### Try it
Look through the entries below and extract exactly the lines from the one containing "then show ?thesis using ab 2(3) by simp" through the one containing "obtain ys where", ends included.

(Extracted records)
lemma neg_conj_subset_halfspace:
  assumes "topspace T = UNIV" "zs \<in> cdual T" "linear ys" "affine_minorant f zs ys m"
  shows "neg_conj T f (\<lambda>_. 0, ys) zs \<subseteq> {u. zs u \<le> m}"
  unfolding neg_conj_def
proof (rule closure_of_minimal)
  have "closedin T {u \<in> topspace T. zs u \<in> {..m}}"
    using assms(2) by (intro closedin_continuous_map_preimage) (auto simp: cdual_def)
  then show "closedin T {u. zs u \<le> m}" using assms(1) by simp
  have "zs (w + s) \<le> m" if "w \<in> f (x, y)" "ys (- y) + zs s \<le> 0" for x y w s
  proof -
    have "zs (w + s) = zs w + zs s" using assms(2) by (simp add: cdual_def linear_add)
    also have "\<dots> \<le> zs w + ys y" using that(2) assms(3) by (simp add: linear_neg)
    also have "\<dots> \<le> m" using assms(4) that(1) by (simp add: affine_minorant_def)
    finally show ?thesis .
  qed
  then show "(\<Union>(x, y). msum (f (x, y)) (Sfun (\<lambda>_. 0, ys) zs (- x, - y))) \<subseteq> {u. zs u \<le> m}"
    by (auto simp: msum_def Sfun_def)
qed

lemma separating_functional_in_neg_dual_cone:
  assumes T: "lc_hausdorff_tvs T" and B: "convex B" "b0 \<in> B"
    and B_add_C: "\<And>b c. b \<in> B \<Longrightarrow> c \<in> C \<Longrightarrow> b + c \<in> B" and C: "cone C"
    and u: "u \<notin> T closure_of B"
  obtains l where "l \<in> neg_dual_cone T C - {\<lambda>_. 0}" "bdd_above (l ` B)" "Sup (l ` B) < l u"
proof -
  obtain l m where l: "linear l" "continuous_map T euclideanreal l"
    and le_m: "\<And>b. b \<in> B \<Longrightarrow> l b \<le> m" and "m < l u"
    using lc_tvs_closure_separation[OF T B u] by blast
  have "Sup (l ` B) \<le> m" using B(2) le_m by (intro cSup_least) auto
  txt \<open>Since \<open>B + C \<subseteq> B\<close>, a functional bounded above on \<open>B\<close> is nonpositive on the cone \<open>C\<close>.\<close>
  have "l c \<le> 0" if "c \<in> C" for c
  proof (rule ccontr)
    assume "\<not> l c \<le> 0"
    define t where "t = (l u - l b0) / l c"
    have "t \<ge> 0" using le_m[OF B(2)] \<open>m < l u\<close> \<open>\<not> l c \<le> 0\<close> by (simp add: t_def)
    then have "b0 + t *\<^sub>R c \<in> B" using B_add_C[OF B(2)] C that by (simp add: cone_def)
    moreover have "l (b0 + t *\<^sub>R c) = l u"
      using l(1) \<open>\<not> l c \<le> 0\<close> by (simp add: linear_add linear_scale t_def)
    ultimately show False using le_m \<open>m < l u\<close> by fastforce
  qed
  moreover have "l \<noteq> (\<lambda>_. 0)" using le_m[OF B(2)] \<open>m < l u\<close> by auto
  ultimately have "l \<in> neg_dual_cone T C - {\<lambda>_. 0}"
    using l by (simp add: neg_dual_cone_def cdual_def)
  moreover have "bdd_above (l ` B)" using le_m by (rule bdd_aboveI2)
  ultimately show ?thesis using that \<open>Sup (l ` B) \<le> m\<close> \<open>m < l u\<close> by force
qed

text \<open>The strict epigraph of \<open>y \<mapsto> inf\<^sub>x \<phi>_(f,l) (x, y)\<close> is convex, misses \<open>(0, -m)\<close>,
  and by upper semicontinuity contains a horizontal slice over a neighbourhood of \<open>0\<close>.\<close>
lemma affine_minorant_exists:
  fixes f :: "'x::real_vector \<times> 'y::real_vector \<Rightarrow> 'z::real_vector set"
  assumes T: "lc_hausdorff_tvs T" and f: "setval_convex f" and l: "linear l"
    and w0: "w0 \<in> f (x0, 0)" and usc: "usc_at T (scalarization (\<lambda>y. f (x0, y)) l) 0"
    and le_m: "\<And>x w. w \<in> f (x, 0) \<Longrightarrow> l w \<le> m"
  obtains ys where "ys \<in> cdual T" "affine_minorant f l ys m"
proof -
  define E where "E = {(y, r). \<exists>x w. w \<in> f (x, y) \<and> - l w < r}"
  have "convex E"
  proof (rule convexI)
    fix p q and a b :: real
    assume "p \<in> E" "q \<in> E" and ab: "0 \<le> a" "0 \<le> b" "a + b = 1"
    then obtain y1 r1 x1 w1 y2 r2 x2 w2 where
      1: "p = (y1, r1)" "w1 \<in> f (x1, y1)" "- l w1 < r1" and
      2: "q = (y2, r2)" "w2 \<in> f (x2, y2)" "- l w2 < r2"
      unfolding E_def by auto
    have "- l (a *\<^sub>R w1 + b *\<^sub>R w2) = a * - l w1 + b * - l w2"
      using l by (simp add: linear_add linear_scale)
    also have "\<dots> < a * r1 + b * r2"
    proof (cases "a = 0")
      case True
      then show ?thesis using ab 2(3) by simp
    next
      case False
      then have "a * - l w1 < a * r1" using ab(1) 1(3) by (intro mult_strict_left_mono) auto
      moreover have "b * - l w2 \<le> b * r2" using ab(2) 2(3) by (intro mult_left_mono) auto
      ultimately show ?thesis by linarith
    qed
    finally show "a *\<^sub>R p + b *\<^sub>R q \<in> E"
      using setval_convexD[OF f 1(2) 2(2) ab] 1(1) 2(1) unfolding E_def by auto
  qed
  have up: "(y, r') \<in> E" if "(y, r) \<in> E" "r \<le> r'" for y r r'
    using that unfolding E_def by force
  have "scalarization (\<lambda>y. f (x0, y)) l 0 \<le> ereal (- l w0)"
    unfolding scalarization_def using w0 by (intro INF_lower) auto
  then have "scalarization (\<lambda>y. f (x0, y)) l 0 < ereal (- l w0 + 1)" by (rule le_less_trans) simp
  with usc obtain U where U: "openin T U" "0 \<in> U"
    and U_lt: "\<And>y. y \<in> U \<Longrightarrow> scalarization (\<lambda>y. f (x0, y)) l y < ereal (- l w0 + 1)"
    unfolding usc_at_def by meson
  have U_E: "(y, - l w0 + 1) \<in> E" if y: "y \<in> U" for y
  proof -
    obtain w where "w \<in> f (x0, y)" "ereal (- l w) < ereal (- l w0 + 1)"
      using U_lt[OF y] unfolding scalarization_def Inf_less_iff by blast
    then show ?thesis unfolding E_def by auto
  qed
  have "(0, - m) \<notin> E" using le_m unfolding E_def by force
  obtain ys where ys: "linear ys" "continuous_map T euclideanreal ys"
    and below: "\<And>y r. (y, r) \<in> E \<Longrightarrow> ys y \<le> r + m"
    by (rule convex_epigraph_continuous_linear_minorant[OF T \<open>convex E\<close> _ U U_E \<open>(0, - m) \<notin> E\<close>])
      (use up that in blast)+
  have "l w + ys y \<le> m" if w: "w \<in> f (x, y)" for x y w
  proof -
    have "ys y \<le> - l w + m + e" if "e > 0" for e
    proof -
      have "(y, - l w + e) \<in> E" using w \<open>e > 0\<close> unfolding E_def by force
      from below[OF this] show ?thesis by simp
    qed
    then have "ys y \<le> - l w + m" by (rule field_le_epsilon)
    then show ?thesis by simp
  qed
  then have "affine_minorant f l ys m" by (simp add: affine_minorant_def)
  then show ?thesis using that ys by (simp add: cdual_def)
qed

### The answer
      then show ?thesis using ab 2(3) by simp
    next
      case False
      then have "a * - l w1 < a * r1" using ab(1) 1(3) by (intro mult_strict_left_mono) auto
      moreover have "b * - l w2 \<le> b * r2" using ab(2) 2(3) by (intro mult_left_mono) auto
      ultimately show ?thesis by linarith
    qed
    finally show "a *\<^sub>R p + b *\<^sub>R q \<in> E"
      using setval_convexD[OF f 1(2) 2(2) ab] 1(1) 2(1) unfolding E_def by auto
  qed
  have up: "(y, r') \<in> E" if "(y, r) \<in> E" "r \<le> r'" for y r r'
    using that unfolding E_def by force
  have "scalarization (\<lambda>y. f (x0, y)) l 0 \<le> ereal (- l w0)"
    unfolding scalarization_def using w0 by (intro INF_lower) auto
  then have "scalarization (\<lambda>y. f (x0, y)) l 0 < ereal (- l w0 + 1)" by (rule le_less_trans) simp
  with usc obtain U where U: "openin T U" "0 \<in> U"
    and U_lt: "\<And>y. y \<in> U \<Longrightarrow> scalarization (\<lambda>y. f (x0, y)) l y < ereal (- l w0 + 1)"
    unfolding usc_at_def by meson
  have U_E: "(y, - l w0 + 1) \<in> E" if y: "y \<in> U" for y
  proof -
    obtain w where "w \<in> f (x0, y)" "ereal (- l w) < ereal (- l w0 + 1)"
      using U_lt[OF y] unfolding scalarization_def Inf_less_iff by blast
    then show ?thesis unfolding E_def by auto
  qed
  have "(0, - m) \<notin> E" using le_m unfolding E_def by force
  obtain ys where ys: "linear ys" "continuous_map T euclideanreal ys"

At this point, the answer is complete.